> _Aim of the exercise_:
The required output is the line containing "using Lprime_eq_Inter_counter_dfa[OF \<open>1" followed by every line after it to the end of the listing, each written out exactly.

> _Supplied data_:
lemma partitionP_disjoint:
  assumes "\<And>k. open (A k)" "\<And>n. open (U n)"
  shows "B \<in> partitionP A U n \<Longrightarrow> B' \<in> partitionP A U n \<Longrightarrow> x \<in> B \<Longrightarrow> x \<in> B' \<Longrightarrow> B = B'"
proof (induct n arbitrary: B B')
  case 0
  obtain k S where S: "S \<in> {A k, frontier (A k)}" "B = S - closure (\<Union>j<k. A j)"
    using partitionP_0_cases[OF 0(1)] by blast
  obtain k' S' where S': "S' \<in> {A k', frontier (A k')}" "B' = S' - closure (\<Union>j<k'. A j)"
    using partitionP_0_cases[OF 0(2)] by blast
  have "(LEAST k. x \<in> closure (A k)) = k" using S 0 by (intro partitionP_0_index[of S]) auto
  moreover have "(LEAST k. x \<in> closure (A k)) = k'" using S' 0 by (intro partitionP_0_index[of S']) auto
  ultimately have "k = k'" by simp
  moreover have "A k \<inter> frontier (A k) = {}"
    using assms(1) by (auto simp: frontier_def interior_open)
  ultimately show ?case using S S' 0 \<open>k = k'\<close> by auto
next
  case (Suc n)
  obtain C S where C: "C \<in> partitionP A U n" "S \<in> {U n, UNIV - closure (U n), frontier (U n)}"
    "B = S \<inter> C"
    using partitionP_Suc_cases[OF Suc(2)] by blast
  obtain C' S' where C': "C' \<in> partitionP A U n"
    "S' \<in> {U n, UNIV - closure (U n), frontier (U n)}" "B' = S' \<inter> C'"
    using partitionP_Suc_cases[OF Suc(3)] by blast
  have "C = C'" using Suc.hyps[OF C(1) C'(1)] Suc.prems C C' by auto
  moreover have "S = S'"
    using C C' Suc.prems assms(2) closure_subset[of "U n"] by (auto simp: frontier_def interior_open)
  ultimately show ?case using C C' by simp
qed

lemma cellO:
  assumes "\<And>k. open (A k)" "(\<Union>k. A k) = UNIV" "\<And>n. open (U n)"
  shows "cellO A U n x \<in> partitionP A U n" and "x \<in> cellO A U n x"
proof -
  have "\<exists>!B. B \<in> partitionP A U n \<and> x \<in> B"
    using partitionP_covers[of A U, OF assms] partitionP_disjoint[of A U, OF assms(1,3)] by blast
  then have "cellO A U n x \<in> partitionP A U n \<and> x \<in> cellO A U n x"
    unfolding cellO_def by (rule theI')
  then show "cellO A U n x \<in> partitionP A U n" "x \<in> cellO A U n x" by simp_all
qed

lemma cellO_eq:
  assumes "\<And>k. open (A k)" "(\<Union>k. A k) = UNIV" "\<And>n. open (U n)"
    and "B \<in> partitionP A U n" "x \<in> B"
  shows "cellO A U n x = B"
  using partitionP_disjoint[of A U, OF assms(1,3)] cellO[of A U, OF assms(1-3)] assms(4,5) by blast

lemma partitionP_subset_closure: "B \<in> partitionP A U n \<Longrightarrow> \<exists>k. B \<subseteq> closure (A k)"
proof (induct n arbitrary: B)
  case 0
  then obtain k S where "S \<in> {A k, frontier (A k)}" "B = S - closure (\<Union>j<k. A j)"
    by (auto dest: partitionP_0_cases)
  then have "B \<subseteq> closure (A k)" using closure_subset[of "A k"] by (auto simp: frontier_def)
  then show ?case ..
next
  case (Suc n)
  then obtain C where "C \<in> partitionP A U n" "B \<subseteq> C" by auto
  then show ?case using Suc.hyps by blast
qed

lemma countable_partition_enumeration:
  assumes "countable P" "P \<noteq> {}" "\<Union>P = UNIV"
    and disj: "\<And>B B' x. B \<in> P \<Longrightarrow> B' \<in> P \<Longrightarrow> x \<in> B \<Longrightarrow> x \<in> B' \<Longrightarrow> B = B'"
  obtains c :: "nat \<Rightarrow> 'a set"
  where "disjoint_family c" "(\<Union>j. c j) = UNIV" "range c \<subseteq> insert {} P"
proof
  define f where "f = from_nat_into P"
  have range_f: "range f = P"
    unfolding f_def using assms(2,1) by (rule range_from_nat_into)
  show "disjoint_family (disjointed f)" by (rule disjoint_family_disjointed)
  show "(\<Union>j. disjointed f j) = UNIV" using assms(3) by (simp add: UN_disjointed_eq range_f)
  have nonempty_cell: "disjointed f j = f j" if ne: "disjointed f j \<noteq> {}" for j
  proof -
    obtain x where x: "x \<in> disjointed f j" using ne by auto
    have "f i \<inter> f j = {}" if "i < j" for i
    proof (rule ccontr)
      assume "f i \<inter> f j \<noteq> {}"
      then have "f i = f j" using disj range_f by blast
      then show False using x that by (auto simp: disjointed_def)
    qed
    then show ?thesis by (auto simp: disjointed_def disjoint_iff)
  qed
  show "range (disjointed f) \<subseteq> insert {} P"
  proof
    fix B assume "B \<in> range (disjointed f)"
    then obtain j where "B = disjointed f j" by auto
    then show "B \<in> insert {} P" using nonempty_cell[of j] range_f by (cases "B = {}") auto
  qed
qed
lemma
  assumes "C2b f" "C2b g"
  shows C2b_diff_le_supn: "norm (f x - g x) \<le> supn (\<lambda>x. f x - g x)"
    and C2b_diff_le_norm1: "norm (f x - g x) \<le> norm1 (\<lambda>x. f x - g x)"
    and C2b_Dop_diff_le_norm1: "norm (Dop f x - Dop g x) \<le> norm1 (\<lambda>x. f x - g x)"
proof -
  have D: "Dop (\<lambda>x. f x - g x) x = Dop f x - Dop g x" for x
    using assms by (simp add: Dop_diff C2b_differentiable)
  show "norm (f x - g x) \<le> supn (\<lambda>x. f x - g x)"
    using assms by (intro supn_upper bounded_range_diff) (auto simp: C2b_def)
  then show "norm (f x - g x) \<le> norm1 (\<lambda>x. f x - g x)"
    unfolding norm1_def by linarith
  have "norm (Dop f x - Dop g x) \<le> supn (Dop (\<lambda>x. f x - g x))"
    using assms unfolding D by (intro supn_upper bounded_range_diff) (auto simp: C2b_def)
  then show "norm (Dop f x - Dop g x) \<le> norm1 (\<lambda>x. f x - g x)"
    unfolding norm1_def by linarith
qed

lemma norm_diff_two_points_le:
  fixes g g' :: "'a::real_normed_vector \<Rightarrow> 'b::real_normed_vector"
  assumes "norm (g a - g' a) \<le> e" "norm (g' a - g' b) \<le> c * norm (a - b)"
    and "norm (a - b) \<le> d" "0 \<le> c"
  shows "norm (g a - g' b) \<le> e + c * d"
proof -
  have "norm (g a - g' b) \<le> norm (g a - g' a) + norm (g' a - g' b)"
    using norm_triangle_ineq[of "g a - g' a" "g' a - g' b"] by simp
  also have "\<dots> \<le> e + c * d"
    using assms by (meson add_mono mult_left_mono order_trans)
  finally show ?thesis .
qed

lemma norm_blinfun_compose3_diff_le:
  fixes A A' :: "'b::real_normed_vector \<Rightarrow>\<^sub>L 'c::real_normed_vector"
    and B B' :: "'a::real_normed_vector \<Rightarrow>\<^sub>L 'b" and C C' :: "'d::real_normed_vector \<Rightarrow>\<^sub>L 'a"
  assumes "norm A \<le> a" "norm B \<le> b" "norm (C - C') \<le> c"
    and "norm (B - B') \<le> d" "norm C' \<le> k" "norm (A - A') \<le> e" "norm B' \<le> g"
  shows "norm ((A o\<^sub>L B o\<^sub>L C) - (A' o\<^sub>L B' o\<^sub>L C')) \<le> a * b * c + a * d * k + e * g * k"
proof -
  have "(A o\<^sub>L B o\<^sub>L C) - (A' o\<^sub>L B' o\<^sub>L C')
      = (A o\<^sub>L B o\<^sub>L (C - C')) + (A o\<^sub>L (B - B') o\<^sub>L C') + ((A - A') o\<^sub>L B' o\<^sub>L C')"
    by (rule blinfun_eqI) (simp add: blinfun.bilinear_simps)
  also have "norm \<dots> \<le> norm A * norm B * norm (C - C') + norm A * norm (B - B') * norm C'
      + norm (A - A') * norm B' * norm C'"
    by (intro order_trans[OF norm_triangle_ineq] add_mono order_trans[OF norm_blinfun_compose]
        mult_right_mono norm_blinfun_compose norm_ge_zero)
  also have "\<dots> \<le> a * b * c + a * d * k + e * g * k"
    using assms order_trans[OF norm_ge_zero assms(1)] order_trans[OF norm_ge_zero assms(2)]
      order_trans[OF norm_ge_zero assms(4)] order_trans[OF norm_ge_zero assms(6)]
      order_trans[OF norm_ge_zero assms(7)]
    by (intro add_mono mult_mono) auto
  finally show ?thesis .
qed

locale lipschitz_perturbation =
  fixes A Ai :: "'a::banach \<Rightarrow>\<^sub>L 'a" and L :: real
  assumes A_Ai: "A o\<^sub>L Ai = id_blinfun" and Ai_A: "Ai o\<^sub>L A = id_blinfun"
    and L_nonneg: "0 \<le> L" and L_small: "norm Ai * L < 1"
begin

text \<open>\<open>lip_inv\<close> is the constant \<open>L\<^sub>-\<^sub>1 = \<parallel>A\<^sup>-\<^sup>1\<parallel> + L\<^sub>t\<close> of the paper in closed form.\<close>
definition lip_inv :: real where "lip_inv = norm Ai / (1 - norm Ai * L)"

lemma lip_inv_nonneg: "0 \<le> lip_inv"
  unfolding lip_inv_def using L_small by simp

lemma A_Ai_apply: "A (Ai z) = z" and Ai_A_apply: "Ai (A z) = z"
  using A_Ai Ai_A by (metis blinfun_apply_blinfun_compose id_blinfun.rep_eq)+

lemma norm_le_lip_inv:
  assumes lip: "\<And>x y. norm (q x - q y) \<le> L * norm (x - y)"
  shows "norm (x - y) \<le> lip_inv * norm ((A x + q x) - (A y + q y))"
proof -
  let ?a = "norm Ai"
  have "x - y = Ai ((A x + q x) - (A y + q y)) - Ai (q x - q y)"
    by (simp add: Ai_A_apply blinfun.diff_right blinfun.add_right)
  then have "norm (x - y) \<le> norm (Ai ((A x + q x) - (A y + q y))) + norm (Ai (q x - q y))"
    by (metis norm_triangle_ineq4)
  also have "\<dots> \<le> ?a * norm ((A x + q x) - (A y + q y)) + ?a * (L * norm (x - y))"
    by (intro add_mono order_trans[OF norm_blinfun] mult_left_mono lip) auto
  finally have "(1 - ?a * L) * norm (x - y) \<le> ?a * norm ((A x + q x) - (A y + q y))"
    by (simp add: algebra_simps)
  then show ?thesis
    unfolding lip_inv_def using L_small by (simp add: field_simps)
qed

lemma bij_add_lipschitz:
  assumes lip: "\<And>x y. norm (q x - q y) \<le> L * norm (x - y)"
  shows "bij (\<lambda>x. A x + q x)"
proof (rule bijI)
  show "inj (\<lambda>x. A x + q x)"
  proof (rule injI)
    fix x y assume "A x + q x = A y + q y"
    then show "x = y" using norm_le_lip_inv[OF lip, of x y] by simp
  qed
  show "surj (\<lambda>x. A x + q x)"
  proof (rule surjI)
    fix y
    have "\<exists>!x. Ai (y - q x) = x"
    proof (rule banach_fix_type[of "norm Ai * L"])
      show "\<forall>x z. dist (Ai (y - q x)) (Ai (y - q z)) \<le> norm Ai * L * dist x z"
      proof (intro allI)
        fix x z
        have "dist (Ai (y - q x)) (Ai (y - q z)) = norm (Ai (q z - q x))"
          by (simp add: dist_norm blinfun.diff_right[symmetric])
        also have "\<dots> \<le> norm Ai * (L * norm (z - x))"
          by (intro order_trans[OF norm_blinfun] mult_left_mono lip) auto
        finally show "dist (Ai (y - q x)) (Ai (y - q z)) \<le> norm Ai * L * dist x z"
          by (simp add: dist_norm norm_minus_commute mult.assoc)
      qed
    qed (use L_nonneg L_small in auto)
    then obtain x where "Ai (y - q x) = x" by blast
    then have "A x + q x = y"
      using A_Ai_apply by (metis diff_add_cancel)
    then show "A (SOME x. A x + q x = y) + q (SOME x. A x + q x = y) = y"
      by (rule someI)
  qed
qed

lemma add_inv_apply:
  assumes "\<And>x y. norm (q x - q y) \<le> L * norm (x - y)"
  shows "A (inv (\<lambda>x. A x + q x) y) + q (inv (\<lambda>x. A x + q x) y) = y"
  using surj_f_inv_f[OF bij_is_surj[OF bij_add_lipschitz[OF assms]]] by simp
definition counter_dfa :: "nat \<Rightarrow> nat \<Rightarrow> nat set \<Rightarrow> dfa" where
  "counter_dfa l k G = dfa_of (states_upto l) (fresh False) (step l k G) (accepting l)"

lemma is_dfa_counter_dfa: "is_dfa (Sigma G) (counter_dfa l k G)"
proof -
  have "fresh False \<in> states_upto l"
    by (simp add: states_upto_def fresh_def)
  moreover have "Collect (accepting l) \<subseteq> states_upto l"
  proof
    fix q assume "q \<in> Collect (accepting l)"
    then show "q \<in> states_upto l"
      by (cases q) (simp_all add: states_upto_def)
  qed
  moreover have "step l k G q a \<in> states_upto l" for q a
    by (simp add: states_upto_def pos_step_le)
  ultimately show ?thesis
    unfolding counter_dfa_def by (simp add: is_dfa_dfa_of finite_states_upto)
qed

lemma card_states_counter_dfa: "card (states (counter_dfa l k G)) \<le> 32 * l + 33"
  unfolding counter_dfa_def card_states_dfa_of by (rule card_states_upto)

lemma Lprime_eq_Inter_counter_dfa:
  assumes "1 \<le> l"
  shows "Lprime l G = (\<Inter>k<l. lang (Sigma G) (counter_dfa l k G))"
proof (rule set_eqI)
  fix w
  have "0 < l"
    using assms by simp
  then show "w \<in> Lprime l G \<longleftrightarrow> w \<in> (\<Inter>k<l. lang (Sigma G) (counter_dfa l k G))"
    by (simp add: Lprime_eq_accepted[OF assms] counter_dfa_def lang_dfa_of) blast
qed

theorem claim4p8:
  shows "\<exists>c::nat. \<forall>l::nat. \<forall>G2::nat set. l \<ge> 1 \<longrightarrow> finite G2 \<longrightarrow>
    (\<exists>A :: nat \<Rightarrow> dfa.
       (\<forall>i\<in>{1..l}. is_dfa (Sigma G2) (A i) \<and> card (states (A i)) \<le> c * l) \<and>
       Lprime l G2 = (\<Inter>i\<in>{1..l}. lang (Sigma G2) (A i)))"
proof (intro exI[of _ 65] allI impI)
  fix l :: nat and G :: "nat set"
  assume "1 \<le> l"
  let ?A = "\<lambda>i. counter_dfa l (i - 1) G"
  show "\<exists>A. (\<forall>i\<in>{1..l}. is_dfa (Sigma G) (A i) \<and> card (states (A i)) \<le> 65 * l) \<and>
      Lprime l G = (\<Inter>i\<in>{1..l}. lang (Sigma G) (A i))"
  proof (intro exI[of _ ?A] conjI ballI)
    fix i
    show "is_dfa (Sigma G) (?A i)"
      by (rule is_dfa_counter_dfa)
    have "32 * l + 33 \<le> 65 * l"
      using \<open>1 \<le> l\<close> by linarith
    then show "card (states (?A i)) \<le> 65 * l"
      using card_states_counter_dfa order_trans by blast
  next
    have "{1..l} = Suc ` {..<l}"
      by (simp add: image_Suc_lessThan)
    then show "Lprime l G = (\<Inter>i\<in>{1..l}. lang (Sigma G) (?A i))"
      using Lprime_eq_Inter_counter_dfa[OF \<open>1 \<le> l\<close>] by simp
  qed
qed

end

> _Expected answer_:
      using Lprime_eq_Inter_counter_dfa[OF \<open>1 \<le> l\<close>] by simp
  qed
qed

end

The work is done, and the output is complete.